ChIP-quantitative PCR (qPCR) (32) was used to determine whether AHR interacted directly with the promoter region of SPTSSA, which contains two putative AHR-binding motifs (Fig. 2F). AHR antibody specifically immunoprecipitated the SPTSSA promotor sequences from HeLa cell sheared chromatin as determined by PCR amplification. The SPTSSA promotor sequences were not PCR-amplified after immunoprecipitation of HeLa cell sheared chromatin with a control IgG (Fig. 2E). These results suggest that AHR binds directly to the SPTSSA promoter.

AHR is a positive regulator of SL levels in mice

To determine whether AHR has a physiologic role in regulating SL levels, we established Ahr KO mice by Cas9-mediated gene disruption (33). Mice carrying a null Ahr allele were generated by injection of C57BL/6J embryos with two sgRNAs targeting Ahr exon 2, which is the first protein-coding exon (Fig. 3A). The Cas9-mediated targeting resulted in a 67-bp deletion that is predicted to cause a premature stop codon. Immunoblot analysis from homogenates of lung tissue, where Ahr is highly expressed (34), showed undetectable AHR protein expression in the Ahr KO mice compared with robust expression from WT controls (Fig. 3B).

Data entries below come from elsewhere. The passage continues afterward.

lemma quadratic_nonneg_imp_discriminant:
  fixes a c N :: real
  assumes "0 \<le> a" "0 \<le> c" "0 \<le> N" and nonneg: "\<And>t. 0 \<le> a + 2 * t * N + t\<^sup>2 * N * c"
  shows "N \<le> a * c"
proof -
  consider "N = 0" | "N > 0" "c = 0" | "c > 0"
    using assms(2,3) by linarith
  then show ?thesis
  proof cases
    case 2
    with nonneg[of "-(a + 1) / (2 * N)"] show ?thesis
      by (simp add: field_simps)
  next
    case 3
    with nonneg[of "-1 / c"] show ?thesis
      by (simp add: field_simps power2_eq_square)
  qed (use assms in simp)
qed

lemma cnj_i_power_square: "(cnj (\<i> ^ n))\<^sup>2 = 1 \<or> (cnj (\<i> ^ n))\<^sup>2 = -1"
proof -
  have "(cnj (\<i> ^ n))\<^sup>2 = (-1) ^ n"
    by (simp flip: power_mult power_mult_distrib add: power2_eq_square mult.commute[of n])
  then show ?thesis
    by (metis minus_one_power_iff)
qed

lemma arcC_rotate_first_quadrant:
  assumes "1 \<le> k" "l \<in> arcC k"
  shows "0 < Re (cnj (\<i> ^ (k - 1)) * l)" "0 < Im (cnj (\<i> ^ (k - 1)) * l)"
proof -
  obtain a where a: "l = cis (2 * pi * a)" "(real k - 1) / 4 < a" "a < real k / 4"
    using assms(2) unfolding arcC_def cis_conv_exp by (auto simp: mult_ac)
  define t where "t = (pi * (4 * a) - pi * (real k - 1)) / 2"
  have "\<i> ^ (k - 1) = cis (real (k - 1) * (pi / 2))"
    using Complex.DeMoivre[of "pi / 2" "k - 1"] by simp
  then have l: "cnj (\<i> ^ (k - 1)) * l = cis t"
    using assms(1) unfolding a(1) t_def by (simp add: cis_cnj cis_mult of_nat_diff field_simps)
  have "pi * (real k - 1) < pi * (4 * a)" "pi * (4 * a) < pi * real k"
    using a(2,3) by (intro mult_strict_left_mono; simp)+
  moreover have "pi * real k = pi * (real k - 1) + pi"
    by (simp add: right_diff_distrib)
  ultimately have "0 < t" "t < pi / 2"
    unfolding t_def by simp_all
  then show "0 < Re (cnj (\<i> ^ (k - 1)) * l)" "0 < Im (cnj (\<i> ^ (k - 1)) * l)"
    unfolding l by (simp_all add: cos_gt_zero sin_gt_zero)
qed

lemma unit_roots_of_real_quadratic:
  fixes s :: real
  assumes "0 \<le> s" "s \<le> 1"
  obtains r1 r2 :: complex where "cmod r1 = 1" "cmod r2 = 1" "Re r1 \<le> 0" "Re r2 \<le> 0"
    "r1 + r2 = - 2 * of_real s" "r1 * r2 = 1"
proof -
  define q where "q = sqrt (1 - s\<^sup>2)"
  have "q\<^sup>2 = 1 - s\<^sup>2"
    unfolding q_def using assms by (simp add: power_le_one)
  then show ?thesis
    using assms by (intro that[of "Complex (- s) q" "Complex (- s) (- q)"])
      (auto simp: cmod_def complex_eq_iff power2_eq_square)
qed

section \<open>Operators bounded below and coercive forms\<close>

definition clinear :: "('a::chilbert_space \<Rightarrow> 'a) \<Rightarrow> bool" where
  "clinear T \<longleftrightarrow> (\<forall>x y. T (x + y) = T x + T y) \<and> (\<forall>c x. T (scaleC c x) = scaleC c (T x))"

lemma clinear_add: "clinear T \<Longrightarrow> T (x + y) = T x + T y"
  and clinear_scaleC: "clinear T \<Longrightarrow> T (scaleC c x) = scaleC c (T x)"
  by (simp_all add: clinear_def)

lemma clinear_diff: "clinear T \<Longrightarrow> T (x - y) = T x - T y"
  by (metis clinear_add add_diff_cancel eq_diff_eq)

definition bounded_below :: "('a::real_normed_vector \<Rightarrow> 'b::real_normed_vector) \<Rightarrow> bool" where
  "bounded_below T \<longleftrightarrow> (\<exists>L>0. \<forall>x. norm x \<le> L * norm (T x))"

definition re_coercive :: "complex \<Rightarrow> ('a::chilbert_space \<Rightarrow> 'a) \<Rightarrow> bool" where
  "re_coercive b T \<longleftrightarrow> (\<exists>\<delta>>0. \<forall>x. \<delta> * (norm x)\<^sup>2 \<le> Re (b * cinner x (T x)))"

lemma positive_op_Cauchy_Schwarz:
  fixes B :: "'a::chilbert_space \<Rightarrow> 'a"
  assumes B: "clinear B" "is_adjoint B B" and pos: "\<And>x. 0 \<le> Re (cinner x (B x))"
  shows "(cmod (cinner x (B y)))\<^sup>2 \<le> Re (cinner x (B x)) * Re (cinner y (B y))"
proof -
  define z where "z = cinner x (B y)"
  define N where "N = (cmod z)\<^sup>2"
  have zz: "z * (cnj z * X) = complex_of_real N * X" "cnj z * (z * X) = complex_of_real N * X" for X
    unfolding N_def by (metis complex_norm_square mult.assoc mult.commute)+
  have yx: "cinner y (B x) = cnj z"
    using B(2) unfolding z_def is_adjoint_def by (metis cinner_commute)
  have "0 \<le> Re (cinner x (B x)) + 2 * t * N + t\<^sup>2 * N * Re (cinner y (B y))" for t :: real
  proof -
    define w where "w = complex_of_real t * cnj z"
    define v where "v = x + scaleC w y"
    have "cinner v (B v) = cinner x (B x) + w * z + cnj w * cnj z + cnj w * w * cinner y (B y)"
      unfolding v_def using B(1)
      by (simp add: clinear_add clinear_scaleC cinner_add_left cinner_add_right cinner_scaleC_left
          cinner_scaleC_right yx z_def algebra_simps)
    also have "\<dots> = cinner x (B x) + complex_of_real (2 * t * N) + complex_of_real (t\<^sup>2 * N) * cinner y (B y)"
      unfolding w_def by (simp add: algebra_simps power2_eq_square zz)
    finally show ?thesis
      using pos[of v] by simp
  qed
  then show ?thesis
    unfolding N_def z_def by (intro quadratic_nonneg_imp_discriminant) (auto simp: pos)
qed

lemma Cauchy_Schwarz_cinner: "cmod (cinner x y) \<le> norm x * norm (y::'a::chilbert_space)"
proof -
  have "(cmod (cinner x (id y)))\<^sup>2 \<le> Re (cinner x (id x)) * Re (cinner y (id y))"
    by (rule positive_op_Cauchy_Schwarz) (auto simp: clinear_def is_adjoint_def simp flip: norm_sq_cinner)
  also have "\<dots> = (norm x * norm y)\<^sup>2"
    by (simp add: norm_sq_cinner power_mult_distrib)
  finally show ?thesis
    by (simp add: power2_le_iff_abs_le)
qed

lemma bounded_below_comp:
  assumes "bounded_below S" "bounded_below T"
  shows "bounded_below (\<lambda>x. S (T x))"
proof -
  obtain L M where LM: "L > 0" "M > 0" "\<And>y. norm y \<le> L * norm (S y)" "\<And>x. norm x \<le> M * norm (T x)"
    using assms unfolding bounded_below_def by blast
  have "norm x \<le> (M * L) * norm (S (T x))" for x
  proof -
    have "norm x \<le> M * norm (T x)" by (fact LM(4))
    also have "\<dots> \<le> M * (L * norm (S (T x)))" using LM(2,3) by simp
    finally show ?thesis by (simp add: mult.assoc)
  qed
  with LM(1,2) show ?thesis
    unfolding bounded_below_def by (metis mult_pos_pos)
qed

lemma bounded_below_isometry: "(\<And>x. norm (T x) = norm x) \<Longrightarrow> bounded_below T"
  unfolding bounded_below_def by (intro exI[of _ 1]) simp

lemma bounded_below_norm_mono:
  assumes "bounded_below S" "0 < c" "\<And>x. c * norm (S x) \<le> norm (T x)"
  shows "bounded_below T"
proof -
  obtain L where L: "L > 0" "\<And>x. norm x \<le> L * norm (S x)"
    using assms(1) unfolding bounded_below_def by blast
  have "norm x \<le> (L / c) * norm (T x)" for x
  proof -
    have "norm (S x) \<le> norm (T x) / c"
      using assms(2) assms(3)[of x] by (simp add: pos_le_divide_eq mult.commute)
    then have "L * norm (S x) \<le> L * (norm (T x) / c)"
      using L(1) by (intro mult_left_mono) auto
    with L(2)[of x] show ?thesis
      by simp
  qed
  with L(1) assms(2) show ?thesis
    unfolding bounded_below_def by (metis divide_pos_pos)
qed

lemma bounded_below_if_not_in_spectrum:
  assumes "l \<notin> op_spectrum T"
  shows "bounded_below (\<lambda>x. T x - scaleC l x)"
proof -
  obtain R where "bounded_op R" and "R \<circ> (\<lambda>x. T x - scaleC l x) = id"
    using assms unfolding op_spectrum_def by blast
  then obtain K where R: "\<And>x. R (T x - scaleC l x) = x" and K: "\<And>y. norm (R y) \<le> norm y * K"
    unfolding bounded_op_def by (metis comp_apply id_apply)
  have "norm x \<le> max K 1 * norm (T x - scaleC l x)" for x
  proof -
    have "norm x \<le> norm (T x - scaleC l x) * K"
      using K R by metis
    also have "\<dots> \<le> norm (T x - scaleC l x) * max K 1"
      by (simp add: mult_left_mono)
    finally show ?thesis
      by (simp add: mult.commute)
  qed
  then show ?thesis
    unfolding bounded_below_def by (intro exI[of _ "max K 1"]) auto
qed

Figure 3. — **AHR is a positive regulator of SL levels in mice.** A, *schematic* illustrates the first three and the last intron-exon organization of the *Ahr* gene. *Ahr* KO mice were produced by CRISPR/Cas9-induced mutations resulting in a frameshift and premature stop codon. The locations of sgRNA target sequences and PAM sites (*green*) and the alignment of amino acid sequences, showing changes introducing a premature stop codon in the *Ahr* KO mice, are noted. B, representative immunoblot analysis of AHR expression in lung tissue from 5-week-old WT and *Ahr* KO mice. β-Actin was used as a loading control. *C–F*, levels of total ceramide, hexosyl ceramide, lactosyl ceramide, and S1P in tissues (liver, lung, and plasma) from 5-week-old WT and *Ahr* KO mice. Data are expressed as mean ± S.D. (*error bars*). Unpaired t test was used: *, p ≤ 0.05. For liver and lung, n = 6 for each genotype. For plasma, n = 6 for WT mice and n = 5 for *Ahr* KO mice. G and H, RT-qPCR of SL biosynthetic genes in liver and lung tissues from 5-week-old WT and *Ahr* KO mice. Probes detect gene sequences as *labeled*. Data are expressed as mean ± S.D., normalized to transcript level of *ACTB*. Values from control were set at 1.0. Unpaired t test was used: *, p ≤ 0.05; **, p ≤ 0.01; ***, p ≤ 0.001. For liver, n = 4 for WT mice and n = 3 for *Ahr* KO mice. For lung, n = 4 for each genotype. ND, not detectable.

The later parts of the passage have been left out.